Added a flag to cache intermediate output #59

prismofeverything · 2016-04-01T17:17:24Z

Hello,

Over here at OHSU we are preparing to launch the SMC RNA Dream Challenge, where contributors will be submitting their entries as CWL workflows. These workflows have many steps, and while developing the submission process we find ourselves having to rerun workflows repeatedly in order to work out the bugs. Most of these steps are quick, but one in particular takes a long time (~8 hours), which has been a huge limitation on our iteration cycle.

This patch adds a flag to cwltool, --cache-intermediate-output, which will cache the output of one step once completed and reuse the cached output instead of running the step over if the workflow is run again. For now this is just in a cache subdirectory in the output directory, which makes it easy to delete if you want to run it again.

Identity between runs is just based on the command line for that step. As I suspected people might want to base identity on other things (like a hash of the input files possibly) I made the identity function a parameter to main in the kwargs under generate_identity.
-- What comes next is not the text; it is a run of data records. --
text \<open>The collection W = {A_0,...,A_p} is given as an indexed family A j, j \<le> p.
  A selection picks one element a_j from each A_j.\<close>
definition is_selection :: "(nat \<Rightarrow> nat set) \<Rightarrow> nat \<Rightarrow> nat set \<Rightarrow> bool" where
  "is_selection A p S \<longleftrightarrow> (\<exists>a. (\<forall>j\<le>p. a j \<in> A j) \<and> S = a ` {..p})"

definition is_tree :: "nat list set \<Rightarrow> bool" where
  "is_tree F \<longleftrightarrow> F \<noteq> {} \<and> (\<forall>\<tau>\<in>F. \<forall>\<rho>. prefix \<rho> \<tau> \<longrightarrow> \<rho> \<in> F)"

definition terminal :: "nat list set \<Rightarrow> nat list \<Rightarrow> bool" where
  "terminal F \<tau> \<longleftrightarrow> \<tau> \<in> F \<and> \<not> (\<exists>\<rho>\<in>F. strict_prefix \<tau> \<rho>)"

definition tree_accepts :: "oracle_comp \<Rightarrow> nat \<Rightarrow> nat list set \<Rightarrow> nat set \<Rightarrow> bool" where
  "tree_accepts Phi e F S \<longleftrightarrow> (\<forall>\<tau>. terminal F \<tau> \<longrightarrow> accepts Phi e \<tau> S)"

definition y_branching :: "nat list set \<Rightarrow> nat \<Rightarrow> nat list \<Rightarrow> nat \<Rightarrow> bool" where
  "y_branching F y \<sigma> k \<longleftrightarrow>
     \<sigma> \<in> F \<and>
     (\<forall>\<tau>\<in>F. prefix \<tau> \<sigma> \<or> prefix \<sigma> \<tau>) \<and>
     (\<forall>\<tau>. terminal F \<tau> \<longrightarrow> length \<tau> = length \<sigma> + k) \<and>
     (\<forall>\<tau>\<in>F. prefix \<sigma> \<tau> \<and> length \<tau> < length \<sigma> + k \<longrightarrow>
        y \<le> card {\<rho>\<in>F. prefix \<tau> \<rho> \<and> length \<rho> = length \<tau> + 1})"

fun bad :: "oracle_comp \<Rightarrow> (nat \<Rightarrow> nat set) \<Rightarrow> nat \<Rightarrow> nat \<Rightarrow> nat \<Rightarrow> nat \<Rightarrow> nat list \<Rightarrow> bool" where
  "bad Phi A p m e 0 \<sigma> = False"
| "bad Phi A p m e (Suc 0) \<sigma> = (\<exists>S. is_selection A p S \<and> accepts Phi e \<sigma> S)"
| "bad Phi A p m e (Suc (Suc n)) \<sigma> =
     (\<exists>T. finite T \<and> m \<le> card T \<and>
        (\<forall>\<tau>\<in>T. prefix \<sigma> \<tau> \<and> length \<tau> = length \<sigma> + 1 \<and> bad Phi A p m e (Suc n) \<tau>))"

end

theory Submission
  imports Defs "HOL-Library.FuncSet"
begin

text \<open>Since \<open>i\<close>-badness implies \<open>j\<close>-badness for \<open>0 < i \<le> j\<close>, \<open>m\<close> siblings below \<open>\<sigma>\<close> that are
  bad at levels \<open>\<le> k\<close> make \<open>\<sigma>\<close> itself \<open>(k+1)\<close>-bad. By induction on \<open>n\<close>, an \<open>(n+1)\<close>-bad string
  \<open>\<tau>\<close> is the root of a \<open>y\<close>-branching tree of height \<open>n\<close> whose leaves accept one common
  selection: among the \<open>m = (y-1) N + 1\<close> bad children of \<open>\<tau>\<close>, where \<open>N = \<Prod>|A\<^sub>j|\<close> bounds the
  number of selections, the pigeonhole principle finds \<open>y\<close> whose trees accept the same
  selection, and these trees are joined below \<open>\<tau>\<close>. Adding the prefixes of \<open>\<sigma>\<close> to the tree
  rooted at \<open>\<sigma>\<close> gives the tree of alternative (1).\<close>

lemma Wset_prefix_mono: "prefix \<sigma> \<tau> \<Longrightarrow> Wset Phi e \<sigma> \<subseteq> Wset Phi e \<tau>"
proof
  fix x assume pre: "prefix \<sigma> \<tau>" and x: "x \<in> Wset Phi e \<sigma>"
  have len: "length \<sigma> \<le> length \<tau>" using pre by (rule prefix_length_le)
  show "x \<in> Wset Phi e \<tau>"
    unfolding Wset_def
  proof (intro CollectI allI impI)
    fix f assume "oracle_extends f \<tau>"
    then have "oracle_extends f \<sigma>" using pre len unfolding oracle_extends_def
      by (metis order_less_le_trans prefix_def nth_append)
    then obtain u where "Phi e f x = Some u" "u \<le> length \<sigma>" using x unfolding Wset_def by blast
    then show "\<exists>u. Phi e f x = Some u \<and> u \<le> length \<tau>" using len by auto
  qed
qed

lemma accepts_prefix_mono: "prefix \<sigma> \<tau> \<Longrightarrow> accepts Phi e \<sigma> S \<Longrightarrow> accepts Phi e \<tau> S"
  unfolding accepts_def using Wset_prefix_mono by blast
lemma gauss_binom_tail_sum_tendsto:
  assumes q: "norm q < 1"
  shows "(\<lambda>n. \<Sum>m<n. gauss_binom q (2*n) (n+1+m) * q ^ (m+1)\<^sup>2)
           \<longlonglongrightarrow> (\<Sum>m. q ^ (m+1)\<^sup>2 / qpoch_inf (- 1) 2 q)"
proof -
  define B where "B = exp (1 / (1 - norm q)) / exp (- 1 / (1 - norm q)\<^sup>2) ^ 2"
  define a where "a m n = (if m < n then gauss_binom q (2*n) (n+1+m) else 0) * q ^ (m+1)\<^sup>2" for m n
  have "norm (a m n) \<le> B * norm q ^ m" for m n
  proof -
    have "norm (a m n) \<le> B * norm q ^ (m+1)\<^sup>2"
      unfolding a_def B_def norm_mult norm_power
      using norm_gauss_binom_le[OF q, of "2*n" "n+1+m"] by (intro mult_right_mono) auto
    also have "\<dots> \<le> B * norm q ^ m"
      using q by (intro mult_left_mono power_decreasing) (auto simp: B_def power2_eq_square)
    finally show ?thesis .
  qed
  moreover have "summable (\<lambda>m. B * norm q ^ m)"
    using q by (intro summable_mult summable_geometric) auto
  moreover have "(\<lambda>n. a m n) \<longlonglongrightarrow> q ^ (m+1)\<^sup>2 / qpoch_inf (- 1) 2 q" for m
  proof -
    have "(\<lambda>n. gauss_binom q (2*n) (n + (m + 1)) * q ^ (m+1)\<^sup>2)
        \<longlonglongrightarrow> 1 / qpoch_inf (- 1) 2 q * q ^ (m+1)\<^sup>2"
      by (intro tendsto_intros gauss_binom_central_tendsto q)
    moreover have "\<forall>\<^sub>F n in sequentially. gauss_binom q (2*n) (n + (m + 1)) * q ^ (m+1)\<^sup>2 = a m n"
      using eventually_gt_at_top[of m] by eventually_elim (simp add: a_def add.assoc)
    ultimately show ?thesis by (simp add: tendsto_cong)
  qed
  ultimately have "(\<lambda>n. \<Sum>m. a m n) \<longlonglongrightarrow> (\<Sum>m. q ^ (m+1)\<^sup>2 / qpoch_inf (- 1) 2 q)"
    using tannerys_theorem[of a "\<lambda>m. q ^ (m+1)\<^sup>2 / qpoch_inf (- 1) 2 q" sequentially "\<lambda>m. B * norm q ^ m"]
    by (auto intro: always_eventually)
  moreover have "(\<Sum>m. a m n) = (\<Sum>m<n. gauss_binom q (2*n) (n+1+m) * q ^ (m+1)\<^sup>2)" for n
    by (subst suminf_finite[of "{..<n}"]) (auto simp: a_def)
  ultimately show ?thesis by simp
qed

text \<open>Jacobi's triple product at \<open>z = 1\<close>, the limit of \<open>qpoch_odd_square_finite_symmetric\<close>.\<close>
theorem theta_nome_triple_product:
  assumes q: "norm q < 1"
  shows "theta_nome q = qpoch_inf (- 1) 2 q * qpoch_inf 1 1 q ^ 2"
proof (cases "q = 0")
  case True
  thus ?thesis by (simp add: theta_nome_def qpoch_inf_def power2_eq_square)
next
  case False
  define E where "E = qpoch_inf (- 1) 2 q"
  have "E \<noteq> 0" unfolding E_def using q by (intro qpoch_inf_nonzero) auto
  have "(\<lambda>n. qpoch 1 1 q n ^ 2) \<longlonglongrightarrow> 1 / E + 2 * (\<Sum>m. q ^ (m+1)\<^sup>2 / E)"
    unfolding qpoch_odd_square_finite_symmetric[OF q False] E_def
    using gauss_binom_central_tendsto[OF q, of 0] gauss_binom_tail_sum_tendsto[OF q]
    by (intro tendsto_intros) simp_all
  moreover have "(\<lambda>n. qpoch 1 1 q n ^ 2) \<longlonglongrightarrow> qpoch_inf 1 1 q ^ 2"
    using q by (intro tendsto_intros qpoch_tendsto) auto
  ultimately have "1 / E + 2 * (\<Sum>m. q ^ (m+1)\<^sup>2 / E) = qpoch_inf 1 1 q ^ 2"
    by (rule LIMSEQ_unique)
  moreover have "(\<Sum>m. q ^ (m+1)\<^sup>2 / E) = (\<Sum>m. q ^ (m+1)\<^sup>2) / E"
    using summable_theta_nome[OF q] by (intro suminf_divide) simp
  ultimately have "theta_nome q / E = qpoch_inf 1 1 q ^ 2"
    by (simp add: theta_nome_def add_divide_distrib)
  thus ?thesis using \<open>E \<noteq> 0\<close> by (simp add: E_def divide_eq_eq mult.commute)
qed

section \<open>Products over the \<open>p\<close>-th roots of unity\<close>

definition unit_root :: "nat \<Rightarrow> complex" where
  "unit_root n = exp (2 * of_real pi * \<i> / of_nat n)"

lemma unit_root_power: "unit_root n ^ j = exp (2 * of_real pi * \<i> * of_nat j / of_nat n)"
  unfolding unit_root_def exp_of_nat_mult[symmetric] by (simp add: algebra_simps)

lemma unit_root_power_eq_1_iff: "n > 0 \<Longrightarrow> unit_root n ^ j = 1 \<longleftrightarrow> n dvd j"
  unfolding unit_root_power by (rule complex_root_unity_eq_1) simp

lemma norm_unit_root [simp]: "norm (unit_root n) = 1"
  unfolding unit_root_def by (simp add: norm_exp_eq_Re)

lemma prod_roots_unity_diff:
  assumes n: "n > 0"
  shows "(\<Prod>z | z ^ n = 1. X - z) = X ^ n - (1::complex)"
proof -
  define P :: "complex poly" where "P = monom 1 n - 1"
  have poly_P: "poly P x = x ^ n - 1" for x by (simp add: P_def poly_monom)
  have "lead_coeff P = 1"
    using n lead_coeff_add_le[of "- 1" "monom (1::complex) n"] by (simp add: P_def degree_monom_eq)
  moreover have "rsquarefree P"
    unfolding rsquarefree_roots
  proof (intro allI notI)
    fix a assume "poly P a = 0 \<and> poly (pderiv P) a = 0"
    hence "a ^ n = 1" and "of_nat n * a ^ (n - 1) = 0"
      by (auto simp: poly_P P_def pderiv_diff pderiv_monom poly_monom)
    thus False using n by (cases "a = 0") (auto simp: zero_power)
  qed
  ultimately have "P = (\<Prod>z | poly P z = 0. [:- z, 1:])"
    using complex_poly_decompose_rsquarefree[of P] by simp
  hence "poly P X = (\<Prod>z | z ^ n = 1. X - z)" by (simp add: poly_prod poly_P)
  thus ?thesis by (simp add: poly_P)
qed

lemma bij_betw_unit_root_powers:
  assumes p: "prime p" and e: "\<not> p dvd e"
  shows "bij_betw (\<lambda>k. unit_root p ^ (e * k)) {..<p} {z. z ^ p = 1}"
proof -
  have p0: "p > 0" using p by (simp add: prime_gt_0_nat)
  have inj: "inj_on (\<lambda>k. unit_root p ^ (e * k)) {..<p}"
  proof (rule linorder_inj_onI)
    fix k k' assume kk': "k < k'" "k' \<in> {..<p}"
    show "unit_root p ^ (e * k) \<noteq> unit_root p ^ (e * k')"
    proof
      assume eq: "unit_root p ^ (e * k) = unit_root p ^ (e * k')"
      have "unit_root p ^ (e * k') = unit_root p ^ (e * k) * unit_root p ^ (e * (k' - k))"
        using kk' by (simp add: power_add[symmetric] algebra_simps)
      hence "unit_root p ^ (e * (k' - k)) = 1"
        using eq by (simp add: unit_root_def)
      hence "p dvd e * (k' - k)" using unit_root_power_eq_1_iff[OF p0] by simp
      hence "p dvd k' - k" using e p by (simp add: prime_dvd_mult_iff)
      thus False using kk' by (auto dest: dvd_imp_le)
    qed
  qed auto
  have "unit_root p ^ (e * k) \<in> {z. z ^ p = 1}" for k
    using unit_root_power_eq_1_iff[OF p0, of "p * (e * k)"]
    by (simp add: power_mult[symmetric] mult.commute)
  hence "(\<lambda>k. unit_root p ^ (e * k)) ` {..<p} \<subseteq> {z. z ^ p = 1}" by auto
  moreover have "card ((\<lambda>k. unit_root p ^ (e * k)) ` {..<p}) = card {z::complex. z ^ p = 1}"
    using card_image[OF inj] card_roots_unity_eq[OF p0] by simp
  ultimately show ?thesis
    unfolding bij_betw_def using inj by (intro conjI card_subset_eq finite_roots_unity) (use p0 in auto)
qed

lemma prod_one_plus_unit_root_powers:
  assumes p: "prime p" "odd p" and e: "\<not> p dvd e"
  shows "(\<Prod>k<p. 1 + u * unit_root p ^ (e * k)) = 1 + u ^ p"
proof (cases "u = 0")
  case True thus ?thesis using p by (simp add: prime_gt_0_nat zero_power)
next
  case False
  have p0: "p > 0" using p by (simp add: prime_gt_0_nat)
  have "(\<Prod>k<p. 1 + u * unit_root p ^ (e * k)) = (\<Prod>z | z ^ p = 1. 1 + u * z)"
    using prod.reindex_bij_betw[OF bij_betw_unit_root_powers[OF p(1) e]] by simp
  also have "\<dots> = (\<Prod>z | z ^ p = 1. (- u) * (- 1 / u - z))"
    using False by (intro prod.cong) (auto simp: field_simps)
  also have "\<dots> = (- u) ^ card {z::complex. z ^ p = 1} * (\<Prod>z | z ^ p = 1. - 1 / u - z)"
    by (simp only: prod.distrib prod_constant)
  also have "\<dots> = (- u) ^ p * ((- 1 / u) ^ p - 1)"
    by (simp only: prod_roots_unity_diff[OF p0] card_roots_unity_eq[OF p0])
  also have "\<dots> = 1 + u ^ p"
    using False p(2) by (simp add: power_minus_odd power_divide field_simps)
  finally show ?thesis .
qed

lemma prod_one_plus_rotated_power:
  assumes p: "prime p" "odd p"
  shows "(\<Prod>k<p. 1 + s * (q * unit_root p ^ k) ^ e) =
         (if p dvd e then (1 + s * q ^ e) ^ p else 1 + s ^ p * (q ^ p) ^ e)"
proof -
  have rotate: "1 + s * (q * unit_root p ^ k) ^ e = 1 + (s * q ^ e) * unit_root p ^ (e * k)" for k
    by (simp add: power_mult_distrib power_mult[symmetric] mult.commute mult.left_commute)
  show ?thesis
  proof (cases "p dvd e")
    case True
    hence "unit_root p ^ (e * k) = 1" for k
      using p unit_root_power_eq_1_iff[of p "e * k"] by (simp add: prime_gt_0_nat)
    thus ?thesis unfolding rotate using True by simp
  next
    case False
    thus ?thesis unfolding rotate prod_one_plus_unit_root_powers[OF p False]
      by (simp add: power_mult_distrib power_mult[symmetric] mult.commute)
  qed
qed

lemma odd_dvd_two_mul_add_iff:
  fixes p r c d M :: nat
  assumes p: "odd p" and d: "d \<in> {1, 2}" and r: "r < p" and c: "2 * c + d = p * d"
  shows "p dvd 2 * (p * M + r) + d \<longleftrightarrow> r = c"
proof
  assume "p dvd 2 * (p * M + r) + d"
  moreover have "2 * (p * M + r) + d = (2 * r + d) + p * (2 * M)" by simp
  ultimately obtain t where t: "2 * r + d = p * t" by (metis dvd_add_left_iff dvd_triv_left dvdE)
  have "2 * r + d \<le> p * 2" using d r by auto
  hence "t \<le> 2" using t p by (cases "p = 0") auto
  moreover have "t \<noteq> 0" using t d by (cases "t = 0") auto
  moreover have "even t \<longleftrightarrow> even d" using arg_cong[OF t, of even] p by simp
  ultimately have "t = d" using d by (auto simp: numeral_2_eq_2 le_Suc_eq)
  thus "r = c" using t c by simp
next
  assume "r = c"
  hence "2 * (p * M + r) + d = p * (2 * M + d)" using c by (simp add: algebra_simps)
  thus "p dvd 2 * (p * M + r) + d" by simp
qed

lemma prod_blocks_eq:
  fixes g h :: "nat \<Rightarrow> 'a::comm_monoid_mult"
  assumes c: "c < p"
    and off: "\<And>M r. r < p \<Longrightarrow> r \<noteq> c \<Longrightarrow> g (p * M + r) = h (p * M + r)"
    and on: "\<And>M. g (p * M + c) * a M = h (p * M + c) * b M"
  shows "(\<Prod>i<p * M. g i) * (\<Prod>m<M. a m) = (\<Prod>i<p * M. h i) * (\<Prod>m<M. b m)"
proof (induction M)
  case (Suc M)
  have block: "(\<Prod>i<p * Suc M. f i) = (\<Prod>i<p * M. f i) * (f (p * M + c) * (\<Prod>r\<in>{..<p} - {c}. f (p * M + r)))"
    for f :: "nat \<Rightarrow> 'a"
    using prod_lessThan_add[of f "p * M" p] prod.remove[of "{..<p}" c "\<lambda>r. f (p * M + r)"] c
    by (simp add: add.commute)
  have rest: "(\<Prod>r\<in>{..<p} - {c}. g (p * M + r)) = (\<Prod>r\<in>{..<p} - {c}. h (p * M + r))"
    by (rule prod.cong) (auto intro: off)
  have "(\<Prod>i<p * Suc M. g i) * (\<Prod>m<Suc M. a m)
      = ((\<Prod>i<p * M. g i) * (\<Prod>m<M. a m)) * (g (p * M + c) * a M) * (\<Prod>r\<in>{..<p} - {c}. g (p * M + r))"
    unfolding block by (simp add: ac_simps)
  also have "\<dots> = ((\<Prod>i<p * M. h i) * (\<Prod>m<M. b m)) * (h (p * M + c) * b M) * (\<Prod>r\<in>{..<p} - {c}. h (p * M + r))"
    unfolding Suc.IH on rest ..
  also have "\<dots> = (\<Prod>i<p * Suc M. h i) * (\<Prod>m<Suc M. b m)"
    unfolding block by (simp add: ac_simps)
  finally show ?case .
qed simp

text \<open>In each block \<open>pM \<le> i < pM + p\<close> exactly one exponent \<open>2i + d\<close> is divisible by \<open>p\<close>; the
  roots of unity turn that factor into a \<open>p\<close>-th power and each of the others into a factor in \<open>q^p\<close>.\<close>
lemma qpoch_prod_unit_roots:
  assumes p: "prime p" "odd p" and s: "s ^ p = s" and d: "d \<in> {1, 2}"
  shows "(\<Prod>k<p. qpoch s d (q * unit_root p ^ k) (p * M)) * qpoch s d ((q ^ p) ^ p) M
       = qpoch s d (q ^ p) (p * M) * qpoch s d (q ^ p) M ^ p"
proof -
  define Q where "Q = q ^ p"
  define g where "g i = (\<Prod>k<p. 1 + s * (q * unit_root p ^ k) ^ (2 * i + d))" for i
  define h where "h i = 1 + s * Q ^ (2 * i + d)" for i
  define a where "a m = 1 + s * (Q ^ p) ^ (2 * m + d)" for m
  define b where "b m = (1 + s * Q ^ (2 * m + d)) ^ p" for m
  have g_eq: "g i = (if p dvd 2 * i + d then (1 + s * q ^ (2 * i + d)) ^ p else h i)" for i
    unfolding g_def h_def Q_def prod_one_plus_rotated_power[OF p] s ..
  obtain c where c: "c < p" "2 * c + d = p * d"
  proof
    show "d * (p - 1) div 2 < p" "2 * (d * (p - 1) div 2) + d = p * d"
      using d p(2) prime_gt_0_nat[OF p(1)] by (auto elim!: oddE simp: algebra_simps)
  qed
  have off: "g (p * M + r) = h (p * M + r)" if "r < p" "r \<noteq> c" for M r
    using odd_dvd_two_mul_add_iff[OF p(2) d that(1) c(2), of M] that(2) by (simp add: g_eq)
  have on: "g (p * M + c) * a M = h (p * M + c) * b M" for M
  proof -
    have e: "2 * (p * M + c) + d = p * (2 * M + d)" using c by (simp add: algebra_simps)
    have "g (p * M + c) = b M"
      unfolding g_eq e b_def Q_def by (simp add: power_mult)
    moreover have "h (p * M + c) = a M"
      unfolding h_def a_def e by (simp add: power_mult)
    ultimately show ?thesis by (simp add: mult.commute)
  qed
  have "(\<Prod>k<p. qpoch s d (q * unit_root p ^ k) (p * M)) = (\<Prod>i<p * M. g i)"
    unfolding qpoch_def g_def by (rule prod.swap)
  moreover have "qpoch s d ((q ^ p) ^ p) M = (\<Prod>m<M. a m)"
    unfolding qpoch_def a_def Q_def ..
  moreover have "qpoch s d (q ^ p) (p * M) = (\<Prod>i<p * M. h i)"
    unfolding qpoch_def h_def Q_def ..
  moreover have "qpoch s d (q ^ p) M ^ p = (\<Prod>m<M. b m)"
    unfolding qpoch_def b_def Q_def by (rule prod_power_distrib)
  moreover have "(\<Prod>i<p * M. g i) * (\<Prod>m<M. a m) = (\<Prod>i<p * M. h i) * (\<Prod>m<M. b m)"
    by (rule prod_blocks_eq[of c p g h a b, OF c(1) off on])
  ultimately show ?thesis by (simp only:)
qed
Though for our purposes it is a reasonable assumption that if someone is using the --cache-intermediate-output flag they want to cache the output, so just using the command line as identity is sufficient, but maybe in the future someone will want to base identity on something more specific.

I also added a simple two step workflow (revsort-workflow.cwl) and a one line script to test it (cache-test.sh) to the tests directory to verify it works. All feedback welcome, thanks!

… if the arguments have not changed

tetron · 2016-04-01T21:25:11Z

Great! I'll need some time to review.

…r SMC

tetron · 2016-04-04T03:20:19Z

I'd like to see the implementation tweaked a little bit:

a) --cache-intermediate-output should accept a directory supplying the cache directory

b) The cache directory should be used as tmp_outdir_prefix kwarg when creating the workflow job. This will cause the intermediate output directories to be created under the cache directory

c) Before running a job, generate the command line identity hash. Check if there is a file by that name that in the cache directory. If present, this file should contain the JSON output object from the cached execution, which you can read and return.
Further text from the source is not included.